lemma smooth2_on_has_vector_derivative_time:
  assumes "smooth2_on S f" and "(u, t) \<in> S"
  shows "\<exists>D. ((\<lambda>s. f u s) has_vector_derivative D) (at t)"
  using assms unfolding smooth2_on_def by metis

lemma has_real_derivative_scaleR_factor:
  fixes x :: "'a::real_inner"
  assumes "((\<lambda>s. lam s *\<^sub>R x) has_vector_derivative D) (at t)" and "x \<noteq> 0"
  shows "(lam has_real_derivative inner D x / inner x x) (at t)"
proof -
  have "((\<lambda>s. inner (lam s *\<^sub>R x) x) has_vector_derivative inner D x) (at t)"
    by (rule bounded_linear.has_vector_derivative[OF bounded_linear_inner_left assms(1)])
  then have "((\<lambda>s. lam s * inner x x) has_real_derivative inner D x) (at t)"
    by (simp add: has_real_derivative_iff_has_vector_derivative)
  from DERIV_cdivide[OF this, of "inner x x"] show ?thesis
    using assms(2) by simp
qed

lemma continuous_on_scaleR_factor:
  fixes x :: "'a::real_inner"
  assumes "continuous_on S (\<lambda>t. lam t *\<^sub>R x)" and "x \<noteq> 0"
  shows "continuous_on S lam"
proof -
  have "continuous_on S (\<lambda>t. inner (lam t *\<^sub>R x) x / inner x x)"
    using assms(2) by (intro continuous_intros assms(1)) simp
  then show ?thesis
    using assms(2) by simp
qed

lemma exp_unique_on_nonneg:
  assumes "continuous_on {0..} lam" and "lam 0 = 1"
    and dlam: "\<And>t. t > 0 \<Longrightarrow> (lam has_real_derivative c * lam t) (at t)"
    and "t \<ge> 0"
  shows "lam t = exp (c * t)"
proof (cases "t = 0")
  case False
  define g where "g s = lam s * exp (- c * s)" for s
  have "continuous_on {0..t} g"
    unfolding g_def by (intro continuous_intros continuous_on_subset[OF assms(1)]) auto
  moreover have "(g has_real_derivative 0) (at s)" if "0 < s" for s
    unfolding g_def[abs_def]
    by (rule derivative_eq_intros dlam[OF that] refl)+ (simp add: algebra_simps)
  ultimately have "g t = g 0"
    using False \<open>t \<ge> 0\<close> by (intro DERIV_isconst2[of 0 t g]) auto
  then show ?thesis
    using \<open>lam 0 = 1\<close> by (simp add: g_def exp_minus field_simps)
qed (simp add: \<open>lam 0 = 1\<close>)

lemma inverse_curvature_flow_scalingI:
  assumes leg: "legendre_curve X \<nu>" and "smooth_curve X" and "smooth_curve \<nu>"
    and ell: "\<And>u. leg_ell X \<nu> u > 0"
    and lam: "\<And>t. t \<ge> 0 \<Longrightarrow> lam t = exp (c * t)"
    and beta: "\<And>u. leg_beta X \<nu> u = c * inner (X u) (\<nu> u) * leg_ell X \<nu> u"
  shows "inverse_curvature_flow (\<lambda>u t. lam t *\<^sub>R X u) (\<lambda>u t. \<nu> u)"
proof -
  have C1: "C1_map X" "C1_map \<nu>"
    using leg by (simp_all add: legendre_curve_def)
  have "continuous_on {0..} (\<lambda>t. exp (c * t))"
    by (intro continuous_intros)
  then have "continuous_on {0..} lam"
    by (rule continuous_on_cong[THEN iffD1, OF refl, rotated]) (simp add: lam)
  then have "cont_C1_in_time (\<lambda>u t. lam t *\<^sub>R X u)"
    using C1(1) by (rule cont_C1_in_time_scaleR)
  moreover have "cont_C1_in_time (\<lambda>u t. \<nu> u)"
    using cont_C1_in_time_scaleR[of "\<lambda>_. 1", OF continuous_on_const C1(2)] by simp
  moreover have "smooth2_on (UNIV \<times> {0<..}) (\<lambda>u t. lam t *\<^sub>R X u)"
    using lam \<open>smooth_curve X\<close> by (intro smooth2_on_exp_scaleR) auto
  moreover have "smooth2_on (UNIV \<times> {0<..}) (\<lambda>u t. \<nu> u)"
    using smooth2_on_exp_scaleR[of "{0<..}" "\<lambda>_. 1" 0 \<nu>] \<open>smooth_curve \<nu>\<close> by simp
  moreover have "normal_velocity (\<lambda>u t. lam t *\<^sub>R X u) (\<lambda>u t. \<nu> u) u t
      = leg_beta (\<lambda>v. lam t *\<^sub>R X v) (\<lambda>v. \<nu> v) u / leg_ell (\<lambda>v. lam t *\<^sub>R X v) (\<lambda>v. \<nu> v) u"
    if "t > 0" for u t
  proof -
    have "(lam has_real_derivative c * exp (c * t)) (at t)"
      using that lam by (intro has_real_derivative_exp_on_open[of "{0<..}"]) auto
    then show ?thesis
      using ell[of u] that lam[of t]
      by (simp add: normal_velocity_scaleR leg_beta_scaleR[OF C1(1)] beta leg_ell_def)
  qed
  ultimately show ?thesis
    using leg ell by (simp add: inverse_curvature_flow_def
      legendre_flow_def legendre_curve_scaleR leg_ell_def)
qed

Work item: The answer consists only of the lines from the one containing "leg_beta X \<nu>" to the end of the records, each written out exactly.

Expected answer:
    and beta: "\<And>u. leg_beta X \<nu> u = c * inner (X u) (\<nu> u) * leg_ell X \<nu> u"
  shows "inverse_curvature_flow (\<lambda>u t. lam t *\<^sub>R X u) (\<lambda>u t. \<nu> u)"
proof -
  have C1: "C1_map X" "C1_map \<nu>"
    using leg by (simp_all add: legendre_curve_def)
  have "continuous_on {0..} (\<lambda>t. exp (c * t))"
    by (intro continuous_intros)
  then have "continuous_on {0..} lam"
    by (rule continuous_on_cong[THEN iffD1, OF refl, rotated]) (simp add: lam)
  then have "cont_C1_in_time (\<lambda>u t. lam t *\<^sub>R X u)"
    using C1(1) by (rule cont_C1_in_time_scaleR)
  moreover have "cont_C1_in_time (\<lambda>u t. \<nu> u)"
    using cont_C1_in_time_scaleR[of "\<lambda>_. 1", OF continuous_on_const C1(2)] by simp
  moreover have "smooth2_on (UNIV \<times> {0<..}) (\<lambda>u t. lam t *\<^sub>R X u)"
    using lam \<open>smooth_curve X\<close> by (intro smooth2_on_exp_scaleR) auto
  moreover have "smooth2_on (UNIV \<times> {0<..}) (\<lambda>u t. \<nu> u)"
    using smooth2_on_exp_scaleR[of "{0<..}" "\<lambda>_. 1" 0 \<nu>] \<open>smooth_curve \<nu>\<close> by simp
  moreover have "normal_velocity (\<lambda>u t. lam t *\<^sub>R X u) (\<lambda>u t. \<nu> u) u t
      = leg_beta (\<lambda>v. lam t *\<^sub>R X v) (\<lambda>v. \<nu> v) u / leg_ell (\<lambda>v. lam t *\<^sub>R X v) (\<lambda>v. \<nu> v) u"
    if "t > 0" for u t
  proof -
    have "(lam has_real_derivative c * exp (c * t)) (at t)"
      using that lam by (intro has_real_derivative_exp_on_open[of "{0<..}"]) auto
    then show ?thesis
      using ell[of u] that lam[of t]
      by (simp add: normal_velocity_scaleR leg_beta_scaleR[OF C1(1)] beta leg_ell_def)
  qed
  ultimately show ?thesis
    using leg ell by (simp add: inverse_curvature_flow_def
      legendre_flow_def legendre_curve_scaleR leg_ell_def)
qed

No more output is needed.